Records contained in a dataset
********
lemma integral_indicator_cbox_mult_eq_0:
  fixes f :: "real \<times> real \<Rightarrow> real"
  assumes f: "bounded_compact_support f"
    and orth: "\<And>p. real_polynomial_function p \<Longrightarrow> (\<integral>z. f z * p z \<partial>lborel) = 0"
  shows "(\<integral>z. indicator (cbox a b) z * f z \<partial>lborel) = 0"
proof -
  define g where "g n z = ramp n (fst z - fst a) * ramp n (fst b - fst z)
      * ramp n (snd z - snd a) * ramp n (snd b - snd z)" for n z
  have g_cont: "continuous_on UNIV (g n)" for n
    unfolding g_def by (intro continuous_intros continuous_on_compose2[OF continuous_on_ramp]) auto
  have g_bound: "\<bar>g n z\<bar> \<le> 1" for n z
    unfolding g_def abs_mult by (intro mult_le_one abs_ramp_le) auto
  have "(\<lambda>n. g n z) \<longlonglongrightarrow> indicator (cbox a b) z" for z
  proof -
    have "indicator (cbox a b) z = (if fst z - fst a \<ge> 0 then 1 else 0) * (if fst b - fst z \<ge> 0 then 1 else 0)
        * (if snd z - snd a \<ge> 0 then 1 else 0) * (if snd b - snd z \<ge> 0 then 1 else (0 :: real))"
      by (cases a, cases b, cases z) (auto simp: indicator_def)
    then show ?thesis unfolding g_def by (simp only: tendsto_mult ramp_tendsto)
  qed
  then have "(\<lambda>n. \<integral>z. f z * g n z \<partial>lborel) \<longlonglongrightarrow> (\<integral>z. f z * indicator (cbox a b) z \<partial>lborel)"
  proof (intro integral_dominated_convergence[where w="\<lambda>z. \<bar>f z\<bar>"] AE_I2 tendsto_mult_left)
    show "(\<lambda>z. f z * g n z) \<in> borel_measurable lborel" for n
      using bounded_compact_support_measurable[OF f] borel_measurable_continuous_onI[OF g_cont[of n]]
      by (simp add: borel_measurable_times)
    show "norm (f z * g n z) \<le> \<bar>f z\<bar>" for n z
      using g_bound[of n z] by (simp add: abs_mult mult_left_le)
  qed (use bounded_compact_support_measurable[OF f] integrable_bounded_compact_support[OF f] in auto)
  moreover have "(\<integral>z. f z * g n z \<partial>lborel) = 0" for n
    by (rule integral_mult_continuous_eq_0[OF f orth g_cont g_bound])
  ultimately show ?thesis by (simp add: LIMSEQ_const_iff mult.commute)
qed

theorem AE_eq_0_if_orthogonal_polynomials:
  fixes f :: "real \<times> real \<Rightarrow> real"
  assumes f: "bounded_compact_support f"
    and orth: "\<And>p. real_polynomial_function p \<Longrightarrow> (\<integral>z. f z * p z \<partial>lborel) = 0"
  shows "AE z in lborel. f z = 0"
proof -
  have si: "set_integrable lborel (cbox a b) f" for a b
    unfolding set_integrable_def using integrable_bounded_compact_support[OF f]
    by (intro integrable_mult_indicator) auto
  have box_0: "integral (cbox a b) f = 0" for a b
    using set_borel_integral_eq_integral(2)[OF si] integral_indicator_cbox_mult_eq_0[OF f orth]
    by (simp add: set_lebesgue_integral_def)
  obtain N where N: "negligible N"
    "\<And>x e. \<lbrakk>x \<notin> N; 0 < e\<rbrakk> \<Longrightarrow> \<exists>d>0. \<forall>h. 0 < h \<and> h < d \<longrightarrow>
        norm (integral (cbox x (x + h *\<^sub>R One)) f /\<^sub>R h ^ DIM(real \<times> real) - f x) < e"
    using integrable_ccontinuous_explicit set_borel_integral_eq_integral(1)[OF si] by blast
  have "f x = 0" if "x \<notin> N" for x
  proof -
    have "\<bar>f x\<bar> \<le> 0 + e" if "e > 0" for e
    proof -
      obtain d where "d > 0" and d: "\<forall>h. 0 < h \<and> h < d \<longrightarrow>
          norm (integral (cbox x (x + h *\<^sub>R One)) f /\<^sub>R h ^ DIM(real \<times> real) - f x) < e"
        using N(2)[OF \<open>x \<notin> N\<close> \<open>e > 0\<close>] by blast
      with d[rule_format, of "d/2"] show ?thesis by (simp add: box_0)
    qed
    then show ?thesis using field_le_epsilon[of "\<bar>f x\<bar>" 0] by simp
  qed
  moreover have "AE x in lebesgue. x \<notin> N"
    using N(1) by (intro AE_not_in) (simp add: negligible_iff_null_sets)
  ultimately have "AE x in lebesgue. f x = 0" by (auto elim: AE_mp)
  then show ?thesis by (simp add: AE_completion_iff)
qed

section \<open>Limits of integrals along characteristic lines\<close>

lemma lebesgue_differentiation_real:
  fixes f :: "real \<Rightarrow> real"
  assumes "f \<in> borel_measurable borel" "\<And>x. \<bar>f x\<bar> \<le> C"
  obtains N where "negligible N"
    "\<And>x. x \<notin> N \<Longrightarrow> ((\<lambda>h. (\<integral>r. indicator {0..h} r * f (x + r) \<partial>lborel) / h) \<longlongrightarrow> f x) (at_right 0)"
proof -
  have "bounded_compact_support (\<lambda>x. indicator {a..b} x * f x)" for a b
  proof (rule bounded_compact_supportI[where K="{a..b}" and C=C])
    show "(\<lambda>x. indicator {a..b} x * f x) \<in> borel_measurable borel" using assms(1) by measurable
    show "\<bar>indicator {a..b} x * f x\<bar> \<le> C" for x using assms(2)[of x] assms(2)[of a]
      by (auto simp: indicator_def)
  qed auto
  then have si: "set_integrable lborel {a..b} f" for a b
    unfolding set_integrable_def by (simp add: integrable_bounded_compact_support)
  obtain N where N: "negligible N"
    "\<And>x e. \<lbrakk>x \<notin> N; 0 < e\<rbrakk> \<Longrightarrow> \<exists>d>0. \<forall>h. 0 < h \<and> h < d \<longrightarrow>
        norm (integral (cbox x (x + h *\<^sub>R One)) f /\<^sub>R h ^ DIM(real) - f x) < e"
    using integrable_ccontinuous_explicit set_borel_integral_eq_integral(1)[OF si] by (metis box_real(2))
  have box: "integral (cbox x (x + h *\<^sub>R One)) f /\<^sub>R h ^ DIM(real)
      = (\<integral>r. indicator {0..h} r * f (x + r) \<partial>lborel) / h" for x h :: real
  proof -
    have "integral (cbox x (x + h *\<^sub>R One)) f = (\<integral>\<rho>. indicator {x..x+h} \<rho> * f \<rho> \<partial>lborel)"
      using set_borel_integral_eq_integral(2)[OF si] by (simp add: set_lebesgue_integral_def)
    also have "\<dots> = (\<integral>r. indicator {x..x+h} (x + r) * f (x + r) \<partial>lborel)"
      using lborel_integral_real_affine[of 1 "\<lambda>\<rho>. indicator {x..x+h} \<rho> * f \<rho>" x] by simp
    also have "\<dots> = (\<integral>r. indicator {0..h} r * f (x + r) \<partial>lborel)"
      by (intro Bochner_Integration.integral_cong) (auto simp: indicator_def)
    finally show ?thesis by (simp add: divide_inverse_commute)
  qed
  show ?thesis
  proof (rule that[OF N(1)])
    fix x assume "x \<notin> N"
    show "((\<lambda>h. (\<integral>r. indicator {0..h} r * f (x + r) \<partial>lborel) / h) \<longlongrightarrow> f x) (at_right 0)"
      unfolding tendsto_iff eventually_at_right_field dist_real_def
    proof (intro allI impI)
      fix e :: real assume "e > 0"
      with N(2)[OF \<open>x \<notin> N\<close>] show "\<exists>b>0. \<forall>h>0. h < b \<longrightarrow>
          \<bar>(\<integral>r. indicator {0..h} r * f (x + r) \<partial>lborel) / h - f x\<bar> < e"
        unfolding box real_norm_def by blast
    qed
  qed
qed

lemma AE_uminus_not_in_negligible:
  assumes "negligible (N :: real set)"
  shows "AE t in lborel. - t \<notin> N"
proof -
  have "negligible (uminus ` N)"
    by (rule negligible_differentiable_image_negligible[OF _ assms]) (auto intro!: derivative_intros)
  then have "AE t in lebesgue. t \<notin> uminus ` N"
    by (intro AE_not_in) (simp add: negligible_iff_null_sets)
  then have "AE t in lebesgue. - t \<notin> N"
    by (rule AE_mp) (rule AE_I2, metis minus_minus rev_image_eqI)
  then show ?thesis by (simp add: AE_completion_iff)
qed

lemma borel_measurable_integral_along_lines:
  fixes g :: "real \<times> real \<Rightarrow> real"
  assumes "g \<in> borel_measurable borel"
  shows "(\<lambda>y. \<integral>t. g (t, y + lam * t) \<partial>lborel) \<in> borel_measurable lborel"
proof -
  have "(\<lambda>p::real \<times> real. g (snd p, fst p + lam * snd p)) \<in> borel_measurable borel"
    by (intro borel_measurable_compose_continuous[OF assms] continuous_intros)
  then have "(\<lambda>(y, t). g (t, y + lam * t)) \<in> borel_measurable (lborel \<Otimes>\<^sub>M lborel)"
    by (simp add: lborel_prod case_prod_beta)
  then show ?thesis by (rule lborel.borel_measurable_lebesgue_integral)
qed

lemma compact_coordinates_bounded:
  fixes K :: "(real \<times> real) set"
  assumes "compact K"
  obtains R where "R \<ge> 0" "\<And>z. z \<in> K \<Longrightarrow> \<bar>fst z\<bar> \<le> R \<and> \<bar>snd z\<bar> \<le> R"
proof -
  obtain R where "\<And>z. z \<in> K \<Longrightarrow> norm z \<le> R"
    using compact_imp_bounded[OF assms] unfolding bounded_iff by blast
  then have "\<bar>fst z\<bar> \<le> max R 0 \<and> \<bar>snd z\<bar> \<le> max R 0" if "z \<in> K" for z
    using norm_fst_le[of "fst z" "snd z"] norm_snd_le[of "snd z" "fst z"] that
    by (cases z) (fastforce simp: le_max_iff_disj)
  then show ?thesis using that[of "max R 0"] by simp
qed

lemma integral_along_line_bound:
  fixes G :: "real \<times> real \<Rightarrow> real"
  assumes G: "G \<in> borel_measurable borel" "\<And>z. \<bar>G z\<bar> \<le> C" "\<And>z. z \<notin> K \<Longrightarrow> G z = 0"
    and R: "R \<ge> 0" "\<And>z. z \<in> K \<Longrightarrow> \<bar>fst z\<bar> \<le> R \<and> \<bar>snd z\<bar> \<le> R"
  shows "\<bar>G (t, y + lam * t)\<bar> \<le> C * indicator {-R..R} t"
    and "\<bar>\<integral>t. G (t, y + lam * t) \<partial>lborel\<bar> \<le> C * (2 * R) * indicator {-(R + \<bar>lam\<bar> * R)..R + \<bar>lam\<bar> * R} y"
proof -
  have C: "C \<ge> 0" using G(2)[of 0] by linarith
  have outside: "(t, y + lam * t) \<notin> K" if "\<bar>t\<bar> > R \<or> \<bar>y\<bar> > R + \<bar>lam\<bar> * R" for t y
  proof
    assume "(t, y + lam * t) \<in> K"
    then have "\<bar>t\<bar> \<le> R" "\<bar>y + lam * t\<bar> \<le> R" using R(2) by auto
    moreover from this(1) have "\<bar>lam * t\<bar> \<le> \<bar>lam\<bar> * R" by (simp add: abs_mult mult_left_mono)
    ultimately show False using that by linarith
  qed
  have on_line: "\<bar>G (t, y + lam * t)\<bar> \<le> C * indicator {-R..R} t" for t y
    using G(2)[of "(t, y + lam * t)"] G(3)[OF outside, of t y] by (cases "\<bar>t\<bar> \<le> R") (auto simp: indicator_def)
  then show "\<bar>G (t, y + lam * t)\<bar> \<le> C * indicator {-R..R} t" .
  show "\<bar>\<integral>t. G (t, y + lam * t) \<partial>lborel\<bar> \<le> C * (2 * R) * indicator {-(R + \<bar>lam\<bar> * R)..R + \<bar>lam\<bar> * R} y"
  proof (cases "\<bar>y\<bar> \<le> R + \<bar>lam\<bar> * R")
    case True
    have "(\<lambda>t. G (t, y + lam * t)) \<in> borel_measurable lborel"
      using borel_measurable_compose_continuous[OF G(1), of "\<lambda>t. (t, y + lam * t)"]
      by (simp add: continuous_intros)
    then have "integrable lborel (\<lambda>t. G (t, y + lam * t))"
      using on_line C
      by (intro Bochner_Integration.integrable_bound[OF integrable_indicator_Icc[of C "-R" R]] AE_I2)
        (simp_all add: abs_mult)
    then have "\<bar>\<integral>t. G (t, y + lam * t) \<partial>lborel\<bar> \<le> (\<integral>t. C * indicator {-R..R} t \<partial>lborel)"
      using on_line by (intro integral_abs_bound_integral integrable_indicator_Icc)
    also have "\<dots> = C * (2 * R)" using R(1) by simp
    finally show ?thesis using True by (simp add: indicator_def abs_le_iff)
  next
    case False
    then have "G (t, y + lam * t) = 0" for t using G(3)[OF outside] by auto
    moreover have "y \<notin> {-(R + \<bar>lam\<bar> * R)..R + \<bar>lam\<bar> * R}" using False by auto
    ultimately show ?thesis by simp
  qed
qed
********
Problem to work on
The range runs from the line with "using on_line by" to the last line of the entries above, both included. Restate it word for word.

Response for this exercise
      using on_line by (intro integral_abs_bound_integral integrable_indicator_Icc)
    also have "\<dots> = C * (2 * R)" using R(1) by simp
    finally show ?thesis using True by (simp add: indicator_def abs_le_iff)
  next
    case False
    then have "G (t, y + lam * t) = 0" for t using G(3)[OF outside] by auto
    moreover have "y \<notin> {-(R + \<bar>lam\<bar> * R)..R + \<bar>lam\<bar> * R}" using False by auto
    ultimately show ?thesis by simp
  qed
qed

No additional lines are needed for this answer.